Люди на экране не хотят подчиняться воле, посылающей их лучом из булки.
Как нудно! Как старо! Какое самоэпигонство!
Лицо в морщинах.
Мягкий жилет.
Мягкий галстук.
Надо запомнить облик.
Огненный ангел животворящей мысли давно отлетел отсюда.
Скоро и сам «огненный ангел» — Пиранделло — покинет наш грустный мир.
Сабайоне стынет.
Сабайоне подождет.
Сабайоне будут подавать и тогда, когда Пиранделло, когда-то «огненного ангела», уже не станет.
Сейчас отошел ins Jenseits[45] и таинственный всемогущий Отто Эч.
Рассчитанных деловых связей с «великим» так и не удалось свести.
Знакомлюсь с ним уже post factum[46].
Уже после поступления в «Парамаунт»,
куда попадаю и не через этого мецената и покровителя искусств…
Отто Эч.
Итальянское палаццо на Фифт-авеню.
Миллионер. Банкир. И финансовый управитель «Парамаунта».
Четыре Гейнсборо в простенках столовой загородного дома на Лонг-Айленде.
Голова бородатого мужчины над камином в палаццо.
«Узнаете, чья кисть?»
Не узнаю.
«Только еврей способен так тонко написать лицо!» — восклицает Отто Эч.
Гордо.
И как бы мимоходом бросает: «Рембрандт».
Рембрандт — божество не моего пантеона. Однако делаю вид, как будто смотрю на Эль Греко…
Артишоки, артишоки!
Артишоки — вот, однако, главное, что врезается в память.
Впрочем — это уже другая встреча.
За обедом.
Впервые ощущаю, какое колоссальное неудобство — лакей за высокой спинкой кресла.
Уже в «Адлоне» в Берлине эти снующие в голубоватых фраках персонажи, выхватывающие у вас блюдца с недоеденным бифштексом, подсовывающие вам салат, внезапно обдающие непредвиденным соусом и так не совсем вам знакомое блюдо, нервировали и раздражали.
Здесь же из незримости возникающие руки просто парализуют деятельность вашего пищепринятия.
К тому же эти вечные бесчисленные наборы вилок и вилочек, ложек и ложечек, ножей, ножиков и ножичков!
А здесь ко всему еще и артишоки!
Общество маленькое и избранное.
Среди него — седовласый Горацио Ливрайт — издатель.

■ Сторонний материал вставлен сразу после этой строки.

(* In an ultrametric space the packing number of V is the size of any epsilon-net:
   sending each point of a distinguishable set to a net point within epsilon is
   injective, by the ultrametric inequality. *)
lemma packing_number_eq_card_net:
  assumes ult: "ultrametric M \<rho>" and VM: "V \<subseteq> M" and net: "eps_net \<rho> \<epsilon> V S"
  shows "packing_number \<rho> \<epsilon> V = card S"
proof -
  have SV: "S \<subseteq> V" and fS: "finite S" and dS: "eps_distinguishable \<rho> \<epsilon> S"
    and cov: "\<forall>v\<in>V. \<exists>s\<in>S. \<rho> v s \<le> \<epsilon>"
    using net unfolding eps_net_def by auto
  have sym: "\<rho> a b = \<rho> b a" for a b
    using Metric_space.commute[OF ultrametric_metric[OF ult]] .
  let ?K = "{card A | A. A \<subseteq> V \<and> finite A \<and> eps_distinguishable \<rho> \<epsilon> A}"
  have bounded: "card A \<le> card S"
    if A: "A \<subseteq> V" "eps_distinguishable \<rho> \<epsilon> A" for A
  proof -
    have "\<forall>a\<in>A. \<exists>s. s \<in> S \<and> \<rho> a s \<le> \<epsilon>" using cov A(1) by blast
    then obtain f where f: "\<And>a. a \<in> A \<Longrightarrow> f a \<in> S \<and> \<rho> a (f a) \<le> \<epsilon>"
      by (metis bchoice)
    have "inj_on f A"
    proof (rule inj_onI)
      fix a b assume ab: "a \<in> A" "b \<in> A" "f a = f b"
      have "\<rho> a b \<le> max (\<rho> a (f a)) (\<rho> (f a) b)"
        using ultrametricD[OF ult] f[OF ab(1)] ab(1,2) A(1) SV VM by blast
      also have "\<dots> \<le> \<epsilon>" using f[OF ab(1)] f[OF ab(2)] ab(3) sym by simp
      finally show "a = b" using A(2) ab(1,2) unfolding eps_distinguishable_def by force
    qed
    then show ?thesis using card_inj_on_le[of f A S] f fS by blast
  qed
  have "card S \<in> ?K" using SV fS dS by blast
  then show ?thesis unfolding packing_number_def
    by (rule cSup_eq_maximum) (use bounded in blast)
qed

lemma finite_set_has_net:
  assumes "Metric_space M \<rho>" "finite K" "K \<subseteq> M" "\<epsilon> \<ge> 0"
  shows "\<exists>S. eps_net \<rho> \<epsilon> K S"
  using assms(2,3)
proof (induction K rule: finite_induct)
  case empty
  show ?case by (rule exI[of _ "{}"]) (simp add: eps_net_def eps_distinguishable_def)
next
  case (insert k K)
  then obtain S where S: "eps_net \<rho> \<epsilon> K S" by blast
  show ?case
  proof (cases "\<exists>s\<in>S. \<rho> k s \<le> \<epsilon>")
    case True
    then show ?thesis using S unfolding eps_net_def by blast
  next
    case False
    have "\<epsilon> < \<rho> k s \<and> \<epsilon> < \<rho> s k" if "s \<in> S" for s
      using False that Metric_space.commute[OF assms(1), of s k] by auto
    then have "eps_distinguishable \<rho> \<epsilon> (insert k S)"
      using S unfolding eps_net_def eps_distinguishable_def by auto
    moreover have "\<rho> k k \<le> \<epsilon>"
      using Metric_space.zero[OF assms(1), of k k] insert.prems assms(4) by simp
    ultimately have "eps_net \<rho> \<epsilon> (insert k K) (insert k S)"
      using S unfolding eps_net_def by blast
    then show ?thesis ..
  qed
qed

(* Compact subsets of an ultrametric space have epsilon-nets: take a finite
   epsilon-ball cover (total boundedness), thin its centres greedily, and use the
   ultrametric inequality to pass from a centre to the chosen net point. *)
lemma compact_has_net:
  assumes ult: "ultrametric M \<rho>" and W: "compactin (Metric_space.mtopology M \<rho>) W"
    and e: "\<epsilon> > 0"
  shows "\<exists>S. eps_net \<rho> \<epsilon> W S"
proof -
  have ms: "Metric_space M \<rho>" using ultrametric_metric[OF ult] .
  have WM: "W \<subseteq> M"
    using compactin_subset_topspace[OF W] Metric_space.topspace_mtopology[OF ms] by simp
  obtain K where K: "finite K" "K \<subseteq> W" "W \<subseteq> (\<Union>x\<in>K. Metric_space.mball M \<rho> x \<epsilon>)"
    using Metric_space.compactin_imp_mtotally_bounded[OF ms W] e
    unfolding Metric_space.mtotally_bounded_def[OF ms] by (elim allE impE exE conjE) auto
  have KM: "K \<subseteq> M" using K(2) WM by (rule order_trans)
  obtain S where S: "eps_net \<rho> \<epsilon> K S"
    using finite_set_has_net[OF ms K(1) KM less_imp_le[OF e]] by blast
  have SM: "S \<subseteq> M" using S KM unfolding eps_net_def by auto
  have "\<exists>s\<in>S. \<rho> w s \<le> \<epsilon>" if w: "w \<in> W" for w
  proof -
    obtain k where k: "k \<in> K" "w \<in> Metric_space.mball M \<rho> k \<epsilon>"
      using K(3) w by (auto simp del: Metric_space.in_mball)
    then have "\<rho> w k < \<epsilon>"
      using Metric_space.in_mball[OF ms] Metric_space.commute[OF ms, of k w] by simp
    obtain s where s: "s \<in> S" "\<rho> k s \<le> \<epsilon>" using S k(1) unfolding eps_net_def by blast
    have "\<rho> w s \<le> max (\<rho> w k) (\<rho> k s)"
      using ultrametricD[OF ult] w k(1) s(1) KM SM WM by (meson subsetD)
    then show ?thesis using s \<open>\<rho> w k < \<epsilon>\<close> by force
  qed
  then have "eps_net \<rho> \<epsilon> W S" using S K(2) unfolding eps_net_def by blast
  then show ?thesis ..
qed

(* Under (i), products of epsilon-nets are epsilon-nets of the product:
   distinguishability comes from d_inf <= d, covering from the ultrametric
   inequality via the intermediate point (s, z). *)
lemma product_of_nets:
  assumes ult: "ultrametric (X \<times> Y) d"
    and pdp: "partial_distance_preserving X dX Y dY d"
    and ge: "\<forall>p\<in>X \<times> Y. \<forall>q\<in>X \<times> Y. dinf dX dY p q \<le> d p q"
    and WX: "W \<subseteq> X" and ZY: "Z \<subseteq> Y"
    and S: "eps_net dX \<epsilon> W S" and T: "eps_net dY \<epsilon> Z T"
  shows "eps_net d \<epsilon> (W \<times> Z) (S \<times> T)"
proof -
  have SW: "S \<subseteq> W" and TZ: "T \<subseteq> Z" using S T unfolding eps_net_def by auto
  have "eps_distinguishable d \<epsilon> (S \<times> T)"
    unfolding eps_distinguishable_def
  proof (intro ballI impI)
    fix p q assume pq: "p \<in> S \<times> T" "q \<in> S \<times> T" "p \<noteq> q"
    obtain x1 y1 x2 y2 where p: "p = (x1, y1)" and q: "q = (x2, y2)" by (cases p, cases q)
    have mem: "x1 \<in> S" "y1 \<in> T" "x2 \<in> S" "y2 \<in> T" and ne: "(x1, y1) \<noteq> (x2, y2)"
      using pq unfolding p q by auto
    have "\<epsilon> < dX x1 x2 \<or> \<epsilon> < dY y1 y2"
      using S T mem ne unfolding eps_net_def eps_distinguishable_def by auto
    moreover have "dinf dX dY (x1, y1) (x2, y2) \<le> d (x1, y1) (x2, y2)"
      using ge mem SW TZ WX ZY by blast
    ultimately show "\<epsilon> < d p q" unfolding p q by (auto simp: dinf_def)
  qed
  moreover have "\<exists>q\<in>S \<times> T. d (w, z) q \<le> \<epsilon>" if wz: "w \<in> W" "z \<in> Z" for w z
  proof -
    obtain s t where st: "s \<in> S" "dX w s \<le> \<epsilon>" "t \<in> T" "dY z t \<le> \<epsilon>"
      using S T wz unfolding eps_net_def by blast
    have mem: "w \<in> X" "z \<in> Y" "s \<in> X" "t \<in> Y" using wz st SW TZ WX ZY by auto
    have "d (w, z) (s, t) \<le> max (d (w, z) (s, z)) (d (s, z) (s, t))"
      using ultrametricD[OF ult] mem by simp
    also have "\<dots> = max (dX w s) (dY z t)"
      using pdp mem unfolding partial_distance_preserving_def by simp
    finally show ?thesis using st by force
  qed
  ultimately show ?thesis using S T unfolding eps_net_def by auto
qed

Издатель заведомо скандальных книг.
Безразлично — политических, социальных, морально рискованных или просто аморальных.
Во всяком случае — сенсационных.
Судебный процесс.
Запрет.
Последующее разрешение.
Общественная кампания против решения суда.
Все работает на сенсацию.
Горацио, кроме древних эротиков и крайних теоретиков психологии, с шумом и треском выпускает и былого Драйзера.
На щите его издательских побед сверкает и «Американская трагедия».
Каких-нибудь шесть месяцев спустя Горацио Ливрайт окажется моим супервайзером[47] именно по «Американской трагедии», предложенной мне «Парамаунтом».
Только значительно позже я узнал, что именно этот явно неосуществимый кинопроект (по вопросам моральным) всегда предлагается «Парамаунтом» иностранцам.
Впрочем, предложение его мне натворило столько шуму, что после моего расставания с «Парамаунтом» ее [«Американскую трагедию»] все-таки пришлось наконец поставить. Поставил Штернберг. Обломав все шипы. Нудно и плохо.
… А пока что артишоки.
Артишоки… По словарю Webster’а…
Черт с ней, с породой… Черт — с принадлежностью к семье!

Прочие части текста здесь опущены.